La presencia de portaaviones y buques de asalto anfibio equivale, en los hechos, a contar con bases aéreas móviles, capaces de atacar de manera continua, protegido por un anillo defensivo que asegura superioridad aérea y marítima. En términos concretos, esto implica que en el Caribe se instaló una infraestructura para el combate sobre el Mar que constituye el corazón geopolítico de América Latina.

Diversos informes periodísticos confirmaron que el secuestro del presidente Nicolás Maduro no fue improvisado: incluyó ensayos previos, uso de inteligencia, participación de fuerzas especiales y una planificación que incluyó el despliegue con más de 150 aeronaves y con más de 15.000 efectivos militares movilizados.

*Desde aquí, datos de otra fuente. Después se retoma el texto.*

lemma refined_label_classes:
  assumes "hereditary D'" and v: "\<forall>k<p. v k \<in> verts G"
  shows "induced G {w \<in> verts G. \<exists>k<p. refined_label p N V U w = refined_label p N V U (v k)} \<in> D'"
proof -
  define S where "S = restrict (\<lambda>k. part_index V (v k)) {..<p}"
  define VS where "VS = (\<Union>k<p. V (S k))"
  define W where "W = (\<Union>k<p. U S (part_index (U S) (v k)))"
  define A where "A = {w \<in> verts G. \<exists>k<p. refined_label p N V U w = refined_label p N V U (v k)}"
  have v_part: "part_index V (v k) < N" "v k \<in> V (part_index V (v k))" if "k < p" for k
    using part_index_spec[of "v k" V N] v that cover_parts by simp_all
  have S: "S \<in> {..<p} \<rightarrow>\<^sub>E {..<N}" unfolding S_def by (simp add: v_part(1))
  have v_S: "\<forall>k<p. v k \<in> verts G \<and> part_index V (v k) = S k" using v by (simp add: S_def)
  have "v k \<in> VS" if "k < p" for k
  proof -
    have "v k \<in> V (S k)" using v_part(2)[OF that] v_S that by simp
    then show ?thesis using that unfolding VS_def by blast
  qed
  then have index_bound: "\<forall>k<p. part_index (U S) (v k) < M' S"
    using part_index_spec(1)[of _ "U S" "M' S"] cover_refined_parts[OF S] by (simp add: VS_def)
  have "induced (induced G VS) (\<Union>k<p. U S (idx k)) \<in> D'" if "\<forall>k<p. idx k < M' S" for idx
    using dec_U[OF S] that by (simp add: decomposition_def VS_def)
  then have "induced (induced G VS) W \<in> D'" unfolding W_def using index_bound .
  then have "induced (induced (induced G VS) W) A \<in> D'"
    by (rule hereditary_induced[OF \<open>hereditary D'\<close>])
  moreover have "A \<subseteq> VS \<inter> W"
    unfolding A_def VS_def W_def by (rule refined_label_class_subset[OF S v_S])
  then have "VS \<inter> W \<inter> A = A" by blast
  ultimately show ?thesis unfolding A_def by simp
qed

end

lemma decomposition_refine:
  assumes "hereditary D'" and dec: "decomposition p D G N V"
    and sub: "\<And>idx. \<forall>k<p. idx k < N \<Longrightarrow>
        \<exists>N' U. N' \<le> M \<and> decomposition p D' (induced G (\<Union>k<p. V (idx k))) N' U"
  shows "\<exists>N' W. N' \<le> N * (M + 1) ^ (N ^ p) \<and> decomposition p D' G N' W"
proof -
  let ?T = "{..<p} \<rightarrow>\<^sub>E {..<N}"
  let ?B = "{..<N} \<times> (?T \<rightarrow>\<^sub>E {..M})"
  have "\<exists>N' U. N' \<le> M \<and> decomposition p D' (induced G (\<Union>k<p. V (S k))) N' U"
    if "S \<in> ?T" for S
  proof -
    have "\<forall>k<p. S k < N" using that by auto
    then show ?thesis by (rule sub)
  qed
  then obtain M' U where U: "\<And>S. S \<in> ?T \<Longrightarrow>
      M' S \<le> M \<and> decomposition p D' (induced G (\<Union>k<p. V (S k))) (M' S) (U S)"
    by metis
  let ?L = "refined_label p N V U ` verts G"
  have range: "?L \<subseteq> ?B" using refined_label_range[OF dec conjunct2[OF U] conjunct1[OF U]] .
  have "finite ?B" by (simp add: finite_PiE)
  then have "finite ?L" using range by (rule finite_subset[rotated])
  then obtain W where "decomposition p D' G (card ?L) W"
    using decomposition_by_labels[OF _ refined_label_classes[OF dec conjunct2[OF U] \<open>hereditary D'\<close>]]
    by blast
  moreover have "card ?L \<le> N * (M + 1) ^ (N ^ p)"
    using card_mono[OF \<open>finite ?B\<close> range] by (simp add: card_PiE card_cartesian_product finite_PiE)
  ultimately show ?thesis by blast
qed

lemma decomposition_compose:
  assumes hD': "hereditary D'" and hC: "hereditary C" and "mono f"
    and C_dec: "\<forall>G\<in>C. \<exists>N V. N \<le> c \<and> decomposition p D G N V"
    and D_dec: "\<forall>H\<in>D. \<exists>N V. N \<le> f (card (verts H)) \<and> decomposition p D' H N V"
  shows "\<forall>G\<in>C. \<exists>N V. N \<le> c * (f (card (verts G)) + 1) ^ (c ^ p) \<and> decomposition p D' G N V"
proof
  fix G assume G: "G \<in> C"
  let ?M = "f (card (verts G))"
  obtain N V where "N \<le> c" and dec: "decomposition p D G N V" using C_dec G by blast
  have "\<exists>N' U. N' \<le> ?M \<and> decomposition p D' (induced G (\<Union>k<p. V (idx k))) N' U"
    if "\<forall>k<p. idx k < N" for idx
  proof -
    let ?H = "induced G (\<Union>k<p. V (idx k))"
    have "?H \<in> D" using dec that by (simp add: decomposition_def)
    then obtain N' U where "N' \<le> f (card (verts ?H))" "decomposition p D' ?H N' U"
      using D_dec by blast
    moreover have "finite (verts G)" using hC G by (simp add: hereditary_def wf_graph_def)
    then have "card (verts ?H) \<le> card (verts G)" by (simp add: card_mono)
    ultimately show ?thesis using \<open>mono f\<close> by (meson le_trans monoD)
  qed
  then obtain N' W where "N' \<le> N * (?M + 1) ^ (N ^ p)" "decomposition p D' G N' W"
    using decomposition_refine[OF hD' dec] by blast
  moreover have "N * (?M + 1) ^ (N ^ p) \<le> c * (?M + 1) ^ (c ^ p)"
    using \<open>N \<le> c\<close> by (intro mult_le_mono power_increasing power_mono) auto
  ultimately show "\<exists>N V. N \<le> c * (?M + 1) ^ (c ^ p) \<and> decomposition p D' G N V"
    using le_trans by blast
qed

lemma has_decomp_compose:
  assumes "hereditary_class_property P" "hereditary C" "mono f"
    and "has_decomp {D} C (\<lambda>_. c) p" "has_decomp P D f p"
  shows "has_decomp P C (\<lambda>n. c * (f n + 1) ^ (c ^ p)) p"
  using assms decomposition_compose[of _ C f c p D]
  unfolding has_decomp_iff_decomposition hereditary_class_property_def by blast

lemma eventually_le_powr_sequentially:
  fixes A \<epsilon> :: real
  assumes "\<epsilon> > 0"
  shows "\<forall>\<^sub>F n in sequentially. A \<le> real n powr \<epsilon>"
proof -
  define B where "B = max A 1"
  have "A \<le> real n powr \<epsilon>" if "nat \<lceil>B powr (1/\<epsilon>)\<rceil> \<le> n" for n
  proof -
    have "B powr (1/\<epsilon>) \<le> real n" using that by linarith
    have "A \<le> (B powr (1/\<epsilon>)) powr \<epsilon>" using assms by (simp add: B_def powr_powr)
    also have "\<dots> \<le> real n powr \<epsilon>"
      using \<open>B powr (1/\<epsilon>) \<le> real n\<close> assms by (intro powr_mono2) auto
    finally show ?thesis .
  qed
  then show ?thesis unfolding eventually_sequentially by blast
qed

lemma subpoly_const: "subpoly (\<lambda>_. c)"
  unfolding subpoly_def by (blast intro: eventually_le_powr_sequentially)

lemma subpoly_add:
  assumes "subpoly f" "subpoly g"
  shows "subpoly (\<lambda>n. f n + g n)"
  unfolding subpoly_def
proof (intro allI impI)
  fix \<epsilon> :: real assume "\<epsilon> > 0"
  then have "\<forall>\<^sub>F n in sequentially. real (f n) \<le> real n powr (\<epsilon>/2)"
    and "\<forall>\<^sub>F n in sequentially. real (g n) \<le> real n powr (\<epsilon>/2)"
    and "\<forall>\<^sub>F n in sequentially. 2 \<le> real n powr (\<epsilon>/2)"
    using assms by (auto simp: subpoly_def intro: eventually_le_powr_sequentially)
  then show "\<forall>\<^sub>F n in sequentially. real (f n + g n) \<le> real n powr \<epsilon>"
  proof eventually_elim
    case (elim n)
    then have "real (f n + g n) \<le> 2 * real n powr (\<epsilon>/2)" by simp
    also have "\<dots> \<le> real n powr (\<epsilon>/2) * real n powr (\<epsilon>/2)"
      using elim(3) by (intro mult_right_mono) auto
    also have "\<dots> = real n powr \<epsilon>" by (simp flip: powr_add)
    finally show ?case .
  qed
qed

lemma subpoly_mult:
  assumes "subpoly f" "subpoly g"
  shows "subpoly (\<lambda>n. f n * g n)"
  unfolding subpoly_def
proof (intro allI impI)
  fix \<epsilon> :: real assume "\<epsilon> > 0"
  then have "\<forall>\<^sub>F n in sequentially. real (f n) \<le> real n powr (\<epsilon>/2)"
    and "\<forall>\<^sub>F n in sequentially. real (g n) \<le> real n powr (\<epsilon>/2)"
    using assms by (auto simp: subpoly_def)
  then show "\<forall>\<^sub>F n in sequentially. real (f n * g n) \<le> real n powr \<epsilon>"
  proof eventually_elim
    case (elim n)
    then have "real (f n * g n) \<le> real n powr (\<epsilon>/2) * real n powr (\<epsilon>/2)"
      by (simp add: mult_mono)
    also have "\<dots> = real n powr \<epsilon>" by (simp flip: powr_add)
    finally show ?case .
  qed
qed

lemma subpoly_power:
  assumes "subpoly f"
  shows "subpoly (\<lambda>n. f n ^ k)"
proof (induction k)
  case 0
  show ?case using subpoly_const[of 1] by simp
next
  case (Suc k)
  show ?case using subpoly_mult[OF assms Suc] by simp
qed

lemma plus_propD:
  assumes "C \<in> plus_prop Q"
  shows "hereditary C" and "p \<ge> 1 \<Longrightarrow> \<exists>c. has_decomp Q C (\<lambda>_. c) p"
  using assms by (simp_all add: plus_prop_def)

lemma star_propD:
  assumes "C \<in> star_prop Q"
  shows "hereditary C" and "p \<ge> 1 \<Longrightarrow> \<exists>f. mono f \<and> subpoly f \<and> has_decomp Q C f p"
  using assms by (simp_all add: star_prop_def)

lemma subset_plus_prop:
  assumes "\<forall>C\<in>Q. hereditary C"
  shows "Q \<subseteq> plus_prop Q"
proof
  fix C assume C: "C \<in> Q"
  have "has_decomp Q C (\<lambda>_. 1) p" if "p \<ge> 1" for p
  proof -
    have "decomposition p C G 1 (\<lambda>_. verts G)" if "G \<in> C" for G
      using decomposition_single_part \<open>p \<ge> 1\<close> that C assms by (simp add: hereditary_def)
    then show ?thesis using C unfolding has_decomp_iff_decomposition by (intro bexI[of _ C]) auto
  qed
  then show "C \<in> plus_prop Q" using C assms unfolding plus_prop_def by blast
qed

lemma plus_prop_plus_prop_subset:
  assumes "hereditary_class_property P"
  shows "plus_prop (plus_prop P) \<subseteq> plus_prop P"
proof
  fix C assume C: "C \<in> plus_prop (plus_prop P)"
  have "\<exists>c. has_decomp P C (\<lambda>_. c) p" if p: "p \<ge> 1" for p
  proof -
    obtain c D where D: "D \<in> plus_prop P" and C_dec: "has_decomp {D} C (\<lambda>_. c) p"
      using plus_propD(2)[OF C p] has_decomp_iff_singleton by blast
    obtain c' where "has_decomp P D (\<lambda>_. c') p" using plus_propD(2)[OF D p] by blast
    then have "has_decomp P C (\<lambda>_. c * (c' + 1) ^ (c ^ p)) p"
      using has_decomp_compose[OF assms plus_propD(1)[OF C] _ C_dec] by (simp add: mono_def)
    then show ?thesis ..
  qed
  then show "C \<in> plus_prop P" using plus_propD(1)[OF C] unfolding plus_prop_def by blast
qed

Esos datos, por sí solos, corren el velo de los eufemismos: no estamos ante una “aventura”, sino ante una acción directa propia de escenarios de conflicto armado y de guerra multidimensional [1].

El gobierno bolivariano: tres objetivos visibles

El ataque militar y la amenaza permanente son el telón de fondo con el que interactúa el reacomodo del gobierno venezolano tras el secuestro de su presidente. Tras el shock inicial, lejos de una reacción caótica, el accionar bolivariano nos deja ver, en los hechos, el despliegue de tres objetivos estratégicos.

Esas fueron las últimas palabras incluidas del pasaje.